Code is not Natural Language: Unlock the Power of Semantics-Oriented Graph Representation for Binary Code Similarity Detection
Haojie He, Xingwei Lin, Ziang Weng, Ruijie Zhao, Shuitao Gan, Libo Chen, Yuede Ji, Jiashui Wang, Zhi Xue
33rd USENIX Security Symposium · Day 1 · USENIX Security '24
Binary code similarity detection is a foundational task in cybersecurity, aiming to determine the semantic equivalence between binary functions. This is particularly challenging when functions originate from the same source code but have been subjected to diverse compilation techniques, optimization algorithms, or different hardware architectures.
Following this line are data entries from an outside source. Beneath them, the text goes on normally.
lemma orn_update:
  assumes \<delta>: "orn \<delta>" and "v \<in> V" and S: "rooted_ornament v S"
    and nested: "\<And>y. y \<in> V \<Longrightarrow> y \<noteq> v \<Longrightarrow> \<delta> y \<subseteq> S \<or> S \<subseteq> \<delta> y \<or> S \<inter> \<delta> y = {}"
  shows "orn (\<delta>(v := S))"
  unfolding ornamentation_iff
proof (intro conjI ballI allI impI)
  fix x
  show "x \<notin> V \<Longrightarrow> (\<delta>(v := S)) x = {}" using orn_outside[OF \<delta>] \<open>v \<in> V\<close> by auto
  show "x \<in> V \<Longrightarrow> rooted_ornament x ((\<delta>(v := S)) x)" using orn_rooted[OF \<delta>] S by auto
next
  fix x y assume "x \<in> V" "y \<in> V"
  then show "(\<delta>(v := S)) x \<subseteq> (\<delta>(v := S)) y \<or> (\<delta>(v := S)) y \<subseteq> (\<delta>(v := S)) x \<or>
      (\<delta>(v := S)) x \<inter> (\<delta>(v := S)) y = {}"
  proof (cases "x = v"; cases "y = v")
    assume "x = v" "y \<noteq> v"
    then show ?thesis using nested[OF \<open>y \<in> V\<close>] by auto
  next
    assume "x \<noteq> v" "y = v"
    then show ?thesis using nested[OF \<open>x \<in> V\<close>] by auto
  qed (use orn_nested[OF \<delta> \<open>x \<in> V\<close> \<open>y \<in> V\<close>] in auto)
qed

subsection \<open>Reductions and lower covers\<close>

lemma reduction_eq: "red \<delta> v u = {z \<in> \<delta> v. \<not> z \<preceq> u}"
  unfolding reduction_def Delta_def by auto

lemma reduction_subset: "red \<delta> v u \<subseteq> \<delta> v"
  unfolding reduction_def by blast

lemma wraps_mem: "orn \<delta> \<Longrightarrow> wraps V \<delta> v u \<Longrightarrow> u \<in> \<delta> v"
  unfolding wraps_def using orn_self_mem by blast

lemma wrapped_notin_reduction: "wraps V \<delta> v u \<Longrightarrow> u \<notin> red \<delta> v u"
  unfolding wraps_def reduction_eq using tle_refl by blast

lemma wraps_no_intermediate:
  assumes \<delta>: "orn \<delta>" and w: "wraps V \<delta> v u" and "u \<in> \<delta> x" "x \<in> \<delta> v"
  shows "x = u \<or> x = v"
proof (rule ccontr)
  assume "\<not> (x = u \<or> x = v)"
  moreover have "x \<in> V" "u \<in> V" "v \<in> V" using orn_mem_V[OF \<delta>] assms(3,4) by auto
  ultimately have "\<delta> u \<noteq> \<delta> x" "\<delta> x \<noteq> \<delta> v" using orn_inj[OF \<delta>] by metis+
  moreover have "\<delta> u \<subseteq> \<delta> x" "\<delta> x \<subseteq> \<delta> v" using orn_subset_of_mem[OF \<delta>] assms(3,4) by auto
  ultimately show False using w \<open>x \<in> V\<close> unfolding wraps_def by blast
qed

lemma rooted_ornament_reduction:
  assumes \<delta>: "orn \<delta>" and w: "wraps V \<delta> v u"
  shows "rooted_ornament v (red \<delta> v u)"
proof -
  have "v \<in> V" "u \<noteq> v" "u \<preceq> v" using w orn_tle[OF \<delta> wraps_mem[OF \<delta> w]] unfolding wraps_def by auto
  then have "v \<in> red \<delta> v u" using orn_self_mem[OF \<delta>] tle_antisym unfolding reduction_eq by blast
  then show ?thesis
    unfolding rooted_ornament_def reduction_eq
    using orn_tle[OF \<delta>] orn_path_closed[OF \<delta>] tle_trans by blast
qed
The ability to accurately identify such semantic similarities is critical for a wide array of security applications, including the discovery of vulnerabilities in closed-source firmware, recovery of binary function symbols, detection of software plagiarism, and identification of license violations.
AI review
This research brutally dismantles the lazy assumption that binary code can be treated as natural language, a critical and necessary correction. The novel Semantics-Oriented Graph (SOG) representation, coupled with a lightweight GNN, offers a genuinely new and efficient paradigm for binary similarity detection. It delivers state-of-the-art results across architectures and optimizations, fundamentally improving vulnerability discovery and malware analysis.